Pangeran Jeelian balik mengucapkan hal yang sama, membuat Virna mencibir, merasa kalah debat.
"Berarti, kita harus saling jaga,ya. Kamu harus janji itu, kita ke dapur sekarang. Makan!"
"Makan?"
"Iya, kau lapar?"
"Kamu bawa ayam?"
"Aku nggak punya uang banyak buat beli ayam, nanti saja setelah aku gajian, aku beliiin kamu ikan bakar, suka?"
"Suka."
"Ayo ke dapur."
Virna memberikan isyarat pada Pangeran Jeelian untuk mengikutinya ke dapur untuk makan.
Beruntung, lampu di dapur tidak rusak, hingga mereka tidak perlu makan dalam situasi gelap.
"Tunggu."
Ketika mereka baru saja ingin melangkah, suara Pangeran Jeelian terdengar. Membuat Virna mengerutkan keningnya, dan menahan langkahnya.
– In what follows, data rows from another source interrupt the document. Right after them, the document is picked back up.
(* Let $m,p,n$ be positive integers with $p\mid m$, and let $g\in G(m,p,n)$ be $p$-connected and not a diagonal reflection. Then there exists a reflection $s\in G(m,p,n)$ with $s\le_\perp g$ if and only if $\operatorname{codim}(g)=2$ and the non-1 eigenvalues of $g$ are $\zeta_m^{c}$ and $\zeta_m^{-c}$ for some integer $c$.
   Context: $\zeta_m=e^{2\pi i/m}$. $G(m,1,n)$ is the group of $n\times n$ monomial matrices whose nonzero entries are $m$-th roots of unity, acting on $V=\mathbb{C}^n$; for $p\mid m$, $G(m,p,n)$ is the subgroup of elements whose nonzero entries multiply to an $(m/p)$-th root of unity. A reflection is an element of finite order fixing a hyperplane pointwise; a diagonal reflection is a diagonal matrix that is a reflection. $\operatorname{codim}(g)=n-\dim\{v\in V:gv=v\}$, and the codimension order is $a\le_\perp c$ iff $\operatorname{codim}(a)+\operatorname{codim}(a^{-1}c)=\operatorname{codim}(c)$. A diagonal matrix $g\ne 1$ whose non-1 eigenvalues (with multiplicity) are $\zeta_m^{c_1},\dots,\zeta_m^{c_k}$ is $p$-connected if $p\mid c_1+\dots+c_k$ but $p\nmid\sum_{i\in I}c_i$ for every nonempty proper subset $I\subsetneq\{1,\dots,k\}$. *)

theory Defs
  imports "HOL-Analysis.Analysis" "HOL-Library.Multiset"
begin

definition zeta :: "nat \<Rightarrow> complex" where
  "zeta m = cis (2 * pi / real m)"

definition monomial_mat :: "complex^'n^'n \<Rightarrow> bool" where
  "monomial_mat A \<longleftrightarrow> (\<forall>i. \<exists>!j. A$i$j \<noteq> 0) \<and> (\<forall>j. \<exists>!i. A$i$j \<noteq> 0)"

text \<open>G(m,p,n) as a set of n x n complex matrices, n = CARD('n).\<close>
definition Gmpn :: "nat \<Rightarrow> nat \<Rightarrow> (complex^'n^'n) set" where
  "Gmpn m p = {A. monomial_mat A \<and> (\<forall>i j. A$i$j \<noteq> 0 \<longrightarrow> (A$i$j) ^ m = 1)
      \<and> (\<Prod>(i,j)\<in>{(i,j). A$i$j \<noteq> 0}. A$i$j) ^ (m div p) = 1}"

definition fixed_space :: "complex^'n^'n \<Rightarrow> (complex^'n) set" where
  "fixed_space A = {v. A *v v = v}"

definition codim :: "complex^'n^'n \<Rightarrow> nat" where
  "codim A = CARD('n) - vec.dim (fixed_space A)"

definition finite_order :: "complex^'n^'n \<Rightarrow> bool" where
  "finite_order A \<longleftrightarrow> (\<exists>k>0. (((**) A) ^^ k) (mat 1) = mat 1)"

definition reflection :: "complex^'n^'n \<Rightarrow> bool" where
  "reflection A \<longleftrightarrow> finite_order A \<and> vec.dim (fixed_space A) + 1 = CARD('n)"

definition diagonal_mat :: "complex^'n^'n \<Rightarrow> bool" where
  "diagonal_mat A \<longleftrightarrow> (\<forall>i j. i \<noteq> j \<longrightarrow> A$i$j = 0)"

definition diag_reflection :: "complex^'n^'n \<Rightarrow> bool" where
  "diag_reflection A \<longleftrightarrow> diagonal_mat A \<and> reflection A"

definition le_perp :: "complex^'n^'n \<Rightarrow> complex^'n^'n \<Rightarrow> bool" where
  "le_perp a c \<longleftrightarrow> codim a + codim (matrix_inv a ** c) = codim c"

text \<open>Multiset of the non-1 eigenvalues (with multiplicity) of a diagonal matrix:
  these are exactly its diagonal entries different from 1.\<close>
definition nontriv_eigs :: "complex^'n^'n \<Rightarrow> complex multiset" where
  "nontriv_eigs g = image_mset (\<lambda>i. g$i$i) (mset_set {i. g$i$i \<noteq> 1})"
lemma nPhi_le_1: "nPhi z \<le> 1"
proof -
  have "nPhi z \<le> (LINT u|lborel. std_normal_density u)"
    unfolding nPhi_eq_integral
    by (intro integral_mono integrable_std_normal_indicator) (auto split: split_indicator)
  then show ?thesis
    by simp
qed

section \<open>Expected improvement over a standard normal variable\<close>

definition tau :: "real \<Rightarrow> real" where
  "tau z = z * nPhi z + nphi z"

lemma
  shows integrable_tau: "integrable lborel (\<lambda>u. max (z - u) 0 * std_normal_density u)"
    and tau_eq_integral: "tau z = (LINT u|lborel. max (z - u) 0 * std_normal_density u)"
proof -
  have split: "(\<lambda>u. max (z - u) 0 * std_normal_density u)
      = (\<lambda>u. z * (indicator {..z} u * std_normal_density u)
          - indicator {..z} u * (std_normal_density u * u))"
    by (auto split: split_indicator simp: max_def algebra_simps)
  show "integrable lborel (\<lambda>u. max (z - u) 0 * std_normal_density u)"
    unfolding split by (simp add: integrable_std_normal_indicator)
  show "tau z = (LINT u|lborel. max (z - u) 0 * std_normal_density u)"
    unfolding split
    by (simp add: integrable_std_normal_indicator Bochner_Integration.integral_diff
        integral_std_normal_moment_1_atMost nPhi_eq_integral tau_def nphi_def)
qed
"Ada apa?" tanyanya pada Pangeran Jeelian.
"Aku mencium ada bau orang lain yang melekat pada tubuhmu! Kau lagi sedang apa di tempat kerja dengan bosmu itu?"
Note: Mengalah bukan berarti kalah, terkadang kita harus mengalah untuk menang, asal bukan mengalah pada orang yang salah.
(Apa yang dimaksud Pangeran Jeelian? Stay terus di sini untuk tahu kelanjutan ceritanya ya terimakasih sudah membaca)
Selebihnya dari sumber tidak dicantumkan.